HCI in science-fiction

(via Mr. Hand), this compelling paper about Human Computer Interaction in Science Fiction Movies by Michael Schmitz have made my day. It essentially surveys different kinds of interaction designs in sci-fi movies ("Neuro technology", Identification, Speech recognition, Intelligent assistants / Avatars, Displays / Other I/O technologies) and show how they relate to existing technologies. Go read the paper to look at the examples (with pictures); What I found interesting here boils down to the implications, basically about the "key factors that determine or influence the design of HCI in movies":

"The probably most important aspect is the availability of special effects technologies - including the budget of a production to use those. (...) Current trends in IT research and products have of course as well an impact on the movie, since this will probably be the director’s background where his ideas will evolve from (...) the importance of the interaction technique or the device itself for the movie as a whole. The technology could be totally unimportant or play an important role for the plot (so called “plot device”), but most of the times technology is found inbetween and has to support the overall authenticity of the vision of a future world. (...) only more recent movies show attempts to design their HCI more carefully. (...) Others try to adapt technologies that were already available and improve them, but concepts of HCI research are normally not addressed. (...) The main reason might be that HCI is still a relatively young research area and slowly becoming more popular during the past decade. Another reason could also be that human centred, pervasive or ubiquitous computing could look very inconspicuous, whereas high-tech in movies should preferably appear more spectacular. "

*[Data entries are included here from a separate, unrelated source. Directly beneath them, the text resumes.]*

(* There exists a function assigning to each real $x \geq 1$ a positive integer $m = m(x)$ such that: (i) $\varphi(m) \leq x$; (ii) $m = 2^t Q$, where $t \geq 0$ is an integer and $Q$ is an odd squarefree positive integer; and (iii) \[ m(x) \geq \left(\tfrac{1}{2} e^{\gamma} + o(1)\right) x \log\log x \quad \text{as } x \to +\infty, \] i.e., $\liminf_{x\to+\infty} m(x)/(x\log\log x) \geq \tfrac12 e^{\gamma}$.
   Context: $\varphi$ denotes Euler's totient function and $\gamma$ is the Euler--Mascheroni constant. $\log$ is the natural logarithm. *)

theory Defs
  imports "HOL-Analysis.Analysis" "HOL-Number_Theory.Number_Theory" "HOL-Computational_Algebra.Squarefree"
begin

end

theory Submission
  imports Defs "HOL-Real_Asymp.Real_Asymp"
begin

text \<open>
  Let \<open>y = \<lfloor>ln x / ln (ln x)\<rfloor>\<close>, so that \<open>y ^ y \<le> x\<close>. The product of \<open>p - 1\<close> over the odd
  primes \<open>p \<le> y\<close> is then at most \<open>x\<close>. Multiplying it by a power of two and cancelling at
  most one factor \<open>p - 1 = g\<close>, with \<open>g\<close> from a fixed list of nine numbers, brings it into
  \<open>[9x/10, x]\<close>; it is then \<open>\<phi>(m)\<close> for \<open>m = 2 ^ (j + 1) * Q\<close>, \<open>Q\<close> the product of the remaining
  odd primes. The ratio \<open>m / \<phi>(m)\<close>, twice the product of \<open>p / (p - 1)\<close> over the primes of \<open>Q\<close>,
  is at least \<open>130/131\<close> times the Euler product \<open>\<Prod>p \<le> y. p / (p - 1)\<close>, which dominates the
  harmonic sum \<open>\<ge> ln (y + 1)\<close>. Hence \<open>m \<ge> (117/131) x ln (y + 1) \<sim> (117/131) x ln (ln x)\<close>,
  and \<open>117/131 > e\<^sup>\<gamma>/2\<close>.
\<close>

lemma sum_power_inverse_le:
  fixes q :: real
  assumes "q > 1"
  shows "(\<Sum>k<M. (1 / q) ^ k) \<le> q / (q - 1)"
proof -
  have "(\<Sum>k<M. (1 / q) ^ k) = (1 - (1 / q) ^ M) / (1 - 1 / q)"
    using assms sum_gp_strict[of "1 / q" M] by auto
  also have "\<dots> \<le> 1 / (1 - 1 / q)"
    using assms by (intro divide_right_mono) (auto simp: field_simps)
  also have "\<dots> = q / (q - 1)"
    using assms by (simp add: field_simps)
  finally show ?thesis .
qed

lemma prime_factors_div_multiplicity:
  fixes n p :: nat
  assumes "prime p" "n > 0"
  shows "n div p ^ multiplicity p n > 0"
    and "prime_factors (n div p ^ multiplicity p n) \<subseteq> prime_factors n - {p}"
proof -
  have n_eq: "n = p ^ multiplicity p n * (n div p ^ multiplicity p n)"
    using multiplicity_dvd[of p n] by simp
  then show "n div p ^ multiplicity p n > 0"
    using assms(2) by (metis gr0I mult_0_right)
  show "prime_factors (n div p ^ multiplicity p n) \<subseteq> prime_factors n - {p}"
  proof
    fix q assume q: "q \<in> prime_factors (n div p ^ multiplicity p n)"
    then have "q \<in> prime_factors n"
      using assms(2) dvd_triv_right[of "n div p ^ multiplicity p n" "p ^ multiplicity p n"] n_eq
      by (auto simp: in_prime_factors_iff intro: dvd_trans)
    moreover have "q \<noteq> p"
      using q multiplicity_decompose[of n p] assms prime_gt_1_nat[OF assms(1)]
      by (auto simp: in_prime_factors_iff)
    ultimately show "q \<in> prime_factors n - {p}"
      by blast
  qed
qed

lemma sum_inverse_smooth_le_prod:
  assumes "finite A" "\<forall>p\<in>A. prime p" "finite N" "\<forall>n\<in>N. n > 0 \<and> prime_factors n \<subseteq> A"
  shows "(\<Sum>n\<in>N. 1 / real n) \<le> (\<Prod>p\<in>A. real p / (real p - 1))"
  using assms
proof (induction A arbitrary: N rule: finite_induct)
  case empty
  then have "N \<subseteq> {1}"
    by (auto simp: prime_factorization_empty_iff)
  then have "(\<Sum>n\<in>N. 1 / real n) \<le> (\<Sum>n\<in>{1}. 1 / real n)"
    by (intro sum_mono2) auto
  then show ?case by simp
next
  case (insert p A)
  have p: "prime p" "real p > 1"
    using insert.prems prime_gt_1_nat by auto
  define v where "v n = multiplicity p n" for n
  define r where "r n = n div p ^ v n" for n
  define R where "R = r ` N"
  have n_eq: "n = p ^ v n * r n" for n
    unfolding r_def v_def using multiplicity_dvd[of p n] by simp
  have r_smooth: "r n > 0 \<and> prime_factors (r n) \<subseteq> A" if "n \<in> N" for n
    using prime_factors_div_multiplicity[OF p(1), of n] insert.prems that unfolding r_def v_def
    by auto
  obtain M where M: "v ` N \<subseteq> {..<M}"
    using insert.prems(2) finite_nat_iff_bounded by (meson finite_imageI)
  have inj: "inj_on (\<lambda>n. (v n, r n)) N"
    using n_eq by (intro inj_onI) (metis prod.inject)
  have "(\<Sum>n\<in>N. 1 / real n) = (\<Sum>(k, s)\<in>(\<lambda>n. (v n, r n)) ` N. (1 / real p) ^ k * (1 / real s))"
    by (subst sum.reindex[OF inj]) (auto intro!: sum.cong simp: power_one_over
        simp flip: of_nat_power of_nat_mult n_eq)
  also have "\<dots> \<le> (\<Sum>(k, s)\<in>{..<M} \<times> R. (1 / real p) ^ k * (1 / real s))"
    using M insert.prems(2) unfolding R_def by (intro sum_mono2) auto
  also have "\<dots> = (\<Sum>k<M. (1 / real p) ^ k) * (\<Sum>s\<in>R. 1 / real s)"
    by (simp add: sum_product sum.cartesian_product)
  also have "\<dots> \<le> real p / (real p - 1) * (\<Prod>q\<in>A. real q / (real q - 1))"
  proof (intro mult_mono)
    show "(\<Sum>s\<in>R. 1 / real s) \<le> (\<Prod>q\<in>A. real q / (real q - 1))"
      using insert r_smooth unfolding R_def by auto
  qed (use sum_power_inverse_le[OF p(2)] p(2) in \<open>auto intro: sum_nonneg\<close>)
  also have "\<dots> = (\<Prod>q\<in>insert p A. real q / (real q - 1))"
    using insert.hyps by simp
  finally show ?case .
qed

lemma ln_le_prod_primes_upto:
  "ln (real y + 1) \<le> (\<Prod>p | prime p \<and> p \<le> y. real p / (real p - 1))"
proof -
  have "ln (real y + 1) \<le> harm y"
    by (rule harm_ge_ln)
  also have "\<dots> = (\<Sum>n\<in>{1..y}. 1 / real n)"
    by (simp add: harm_def inverse_eq_divide)
  also have "\<dots> \<le> (\<Prod>p | prime p \<and> p \<le> y. real p / (real p - 1))"
  proof (rule sum_inverse_smooth_le_prod)
    show "\<forall>n\<in>{1..y}. n > 0 \<and> prime_factors n \<subseteq> {p. prime p \<and> p \<le> y}"
      by (auto simp: in_prime_factors_iff intro: order_trans[OF dvd_imp_le])
  qed auto
  finally show ?thesis .
qed

lemma totient_prod_primes:
  assumes "finite B" "\<forall>p\<in>B. prime p"
  shows "totient (\<Prod>B) = (\<Prod>p\<in>B. p - 1)"
proof -
  have "totient (\<Prod>B) = (\<Prod>p\<in>B. totient p)"
    using assms by (intro totient_prod_coprime[of id B, simplified]) (auto simp: pairwise_def primes_coprime)
  then show ?thesis
    using assms by (simp add: totient_prime)
qed

lemma squarefree_prod_primes:
  assumes "\<forall>p\<in>B. prime (p :: nat)"
  shows "squarefree (\<Prod>B)"
  using assms by (intro squarefree_prod_coprime) (auto simp: primes_coprime squarefree_prime)

lemma prime_nat_by_trial_division:
  fixes p k :: nat
  assumes "p > 1" "\<forall>d\<in>set [2..<Suc k]. \<not> d dvd p" "p < Suc k * Suc k"
  shows "prime p"
  unfolding prime_nat_iff'
proof (intro conjI ballI notI)
  show "p > 1" by fact
  fix n assume n: "n \<in> {2..<p}" "n dvd p"
  then obtain m where m: "p = n * m" by blast
  have no_small_divisor: "\<not> d dvd p" if "2 \<le> d" "d \<le> k" for d
    using assms(2) that by auto
  have "m \<ge> 2"
    using m n by (cases m) auto
  moreover have "m dvd p"
    using m by simp
  ultimately have "k < n" "k < m"
    using n no_small_divisor[of n] no_small_divisor[of m] by force+
  then have "Suc k * Suc k \<le> p"
    unfolding m by (intro mult_mono) auto
  then show False
    using assms(3) by simp
qed

text \<open>
  Each \<open>g > 1\<close> here has \<open>g + 1\<close> prime, and consecutive members of
  \<open>128, 138, 148, \<dots>, 240, 256\<close> differ by a factor at most \<open>10/9\<close>; hence some \<open>2 ^ j / g\<close>
  lies in every window \<open>[9z/10, z]\<close>.
\<close>

definition special_denominators :: "nat set" where
  "special_denominators = {1, 138, 148, 162, 178, 192, 210, 226, 240}"

lemma prime_Suc_special_denominators:
  assumes "g \<in> special_denominators" "g \<noteq> 1"
  shows "prime (g + 1)"
proof -
  have "q \<in> {139, 149, 163, 179, 193, 211, 227, 241} \<Longrightarrow> prime q" for q :: nat
    by (elim insertE emptyE; simp only:; rule prime_nat_by_trial_division[where k = 15];
        simp add: upt_rec)
  moreover have "g + 1 \<in> {139, 149, 163, 179, 193, 211, 227, 241}"
    using assms by (auto simp: special_denominators_def)
  ultimately show ?thesis
    by blast
qed

lemma exists_power_of_two_window:
  fixes z :: real
  assumes "z \<ge> 1"
  obtains k :: nat where "2 ^ k \<le> z" "z < 2 * 2 ^ k"
proof -
  have "\<exists>k. \<not> z < 2 ^ k \<and> z < 2 ^ Suc k"
    using assms real_arch_pow[of 2 z] by (intro exists_least_lemma) auto
  then show ?thesis
    using that by (auto simp: not_less)
qed

lemma special_dyadic_window:
  fixes z :: real
  assumes "z \<ge> 1"
  shows "\<exists>g\<in>special_denominators. \<exists>j::nat. 9/10 * z \<le> 2 ^ j / real g \<and> 2 ^ j / real g \<le> z"
proof -
  obtain k :: nat where k: "2 ^ k \<le> z" "z < 2 * 2 ^ k"
    using exists_power_of_two_window[OF assms] .
  define P :: real where "P = 2 ^ k"
  have window: "\<exists>j::nat. 9/10 * z \<le> 2 ^ j / real g \<and> 2 ^ j / real g \<le> z"
    if "256 / real g * P \<le> z" "z \<le> 2560 / (9 * real g) * P" "g > 0" for g :: nat
  proof (intro exI conjI)
    have "(2::real) ^ (k + 8) / real g = 256 / real g * P"
      unfolding P_def by (simp add: power_add)
    then show "9/10 * z \<le> 2 ^ (k + 8) / real g" "2 ^ (k + 8) / real g \<le> z"
      using that by (auto simp: field_simps)
  qed
  have "z \<le> 10/9 * P \<or> (\<exists>g\<in>special_denominators - {1}.
          256 / real g * P \<le> z \<and> z \<le> 2560 / (9 * real g) * P)"
    using k unfolding P_def special_denominators_def by simp linarith
  then show ?thesis
  proof
    assume "z \<le> 10/9 * P"
    then have "9/10 * z \<le> 2 ^ k / real (1::nat) \<and> 2 ^ k / real (1::nat) \<le> z"
      using k unfolding P_def by simp
    then show ?thesis
      by (auto simp: special_denominators_def)
  next
    assume "\<exists>g\<in>special_denominators - {1}. 256 / real g * P \<le> z \<and> z \<le> 2560 / (9 * real g) * P"
    then obtain g where "g \<in> special_denominators" "g \<noteq> 1"
      "256 / real g * P \<le> z" "z \<le> 2560 / (9 * real g) * P"
      by blast
    moreover have "g > 0"
      using \<open>g \<in> special_denominators\<close> by (auto simp: special_denominators_def)
    ultimately show ?thesis
      using window by blast
  qed
qed

lemma remove_special_prime:
  assumes "finite A" "\<forall>p\<in>A. prime p" "g \<in> special_denominators"
    and "\<forall>h\<in>special_denominators - {1}. h + 1 \<in> A"
  obtains B where "B \<subseteq> A"
    "(\<Prod>p\<in>A. real p - 1) = real g * (\<Prod>p\<in>B. real p - 1)"
    "(\<Prod>p\<in>A. real p / (real p - 1)) \<le> 131/130 * (\<Prod>p\<in>B. real p / (real p - 1))"
proof (cases "g = 1")
  case True
  have "(\<Prod>p\<in>A. real p / (real p - 1)) \<ge> 0"
    using assms(2) prime_gt_1_nat by (intro prod_nonneg) (auto simp: less_imp_le)
  then show ?thesis
    using that[of A] True by simp
next
  case False
  define B where "B = A - {g + 1}"
  have "g + 1 \<in> A" "g \<ge> 138"
    using assms False by (auto simp: special_denominators_def)
  have "(\<Prod>p\<in>A. real p - 1) = real g * (\<Prod>p\<in>B. real p - 1)"
    using \<open>g + 1 \<in> A\<close> assms(1) unfolding B_def by (simp add: prod.remove)
  moreover have "(\<Prod>p\<in>A. real p / (real p - 1)) \<le> 131/130 * (\<Prod>p\<in>B. real p / (real p - 1))"
  proof -
    have "(\<Prod>p\<in>B. real p / (real p - 1)) \<ge> 0"
      using assms(2) prime_gt_1_nat unfolding B_def by (intro prod_nonneg) (auto simp: less_imp_le)
    then have "(real g + 1) / real g * (\<Prod>p\<in>B. real p / (real p - 1))
        \<le> 131/130 * (\<Prod>p\<in>B. real p / (real p - 1))"
      using \<open>g \<ge> 138\<close> by (intro mult_right_mono) (simp_all add: field_simps)
    moreover have "(\<Prod>p\<in>A. real p / (real p - 1)) = (real g + 1) / real g * (\<Prod>p\<in>B. real p / (real p - 1))"
      using \<open>g + 1 \<in> A\<close> assms(1) unfolding B_def by (simp add: prod.remove)
    ultimately show ?thesis
      by simp
  qed
  ultimately show ?thesis
    using that[of B] unfolding B_def by blast
qed

definition admissible :: "real \<Rightarrow> nat \<Rightarrow> bool" where
  "admissible x m \<longleftrightarrow> m > 0 \<and> real (totient m) \<le> x \<and>
     (\<exists>t Q :: nat. m = 2 ^ t * Q \<and> odd Q \<and> squarefree Q \<and> Q > 0)"

lemma admissible_one: "x \<ge> 1 \<Longrightarrow> admissible x 1"
  unfolding admissible_def by (intro conjI exI[of _ 0] exI[of _ 1]) auto

lemma two_power_mult_prod_odd_primes:
  fixes j :: nat
  assumes "finite B" "\<forall>p\<in>B. prime p \<and> odd p"
  defines "m \<equiv> 2 ^ Suc j * \<Prod>B"
  shows totient_two_power_mult_prod_odd_primes: "real (totient m) = 2 ^ j * (\<Prod>p\<in>B. real p - 1)"
    and two_power_mult_prod_odd_primes_eq: "real m = 2 * (\<Prod>p\<in>B. real p / (real p - 1)) * real (totient m)"
    and admissible_two_power_mult_prod_odd_primes: "real (totient m) \<le> x \<Longrightarrow> admissible x m"
proof -
  have "odd (\<Prod>B)"
    using assms by (simp add: even_prod_iff)
  then have "coprime (2 ^ Suc j) (\<Prod>B)"
    by simp
  moreover have "totient (2 ^ Suc j) = 2 ^ j"
    using totient_prime_power_Suc[of 2 j] by simp
  ultimately have "totient m = 2 ^ j * (\<Prod>p\<in>B. p - 1)"
    using assms by (simp add: totient_mult_coprime totient_prod_primes)
  moreover have "(\<Prod>p\<in>B. real (p - 1)) = (\<Prod>p\<in>B. real p - 1)"
    using assms prime_ge_1_nat by (intro prod.cong) (auto simp: of_nat_diff)
  ultimately show tot: "real (totient m) = 2 ^ j * (\<Prod>p\<in>B. real p - 1)"
    by (simp add: of_nat_prod)
  have "(\<Prod>p\<in>B. real p) = (\<Prod>p\<in>B. real p / (real p - 1)) * (\<Prod>p\<in>B. real p - 1)"
    unfolding prod.distrib[symmetric] using assms(2) prime_gt_1_nat by (intro prod.cong) auto
  then show "real m = 2 * (\<Prod>p\<in>B. real p / (real p - 1)) * real (totient m)"
    unfolding tot by (simp add: m_def of_nat_prod)
  have "squarefree (\<Prod>B)"
    using assms(2) by (intro squarefree_prod_primes) auto
  moreover have "m = 2 ^ Suc j * \<Prod>B" "m > 0"
    using odd_pos[OF \<open>odd (\<Prod>B)\<close>] by (simp_all add: m_def)
  ultimately show "real (totient m) \<le> x \<Longrightarrow> admissible x m"
    unfolding admissible_def using \<open>odd (\<Prod>B)\<close> odd_pos by blast
qed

(Picture from "Johnny Mnemonic")

Why do I blog this? because the intertwining relationships between HCI/ubicomp and sci-fi is of tremendous interest. The normative proximal future seems to be "a tendency towards conversational speech as an interface and 3 dimensional displays that work without head-mounted device". In the end, this might account for the fascination from the audience to think that the future really lays in this sort of stuff.

Also fascinating is the bolded quote in the blockquote above: the importance of spectacular interfaces in movies. How does this translate to design? Is is really a important criteria? (think about the discreet sms and the spectacular AIBO arf maybe I am a party pooper).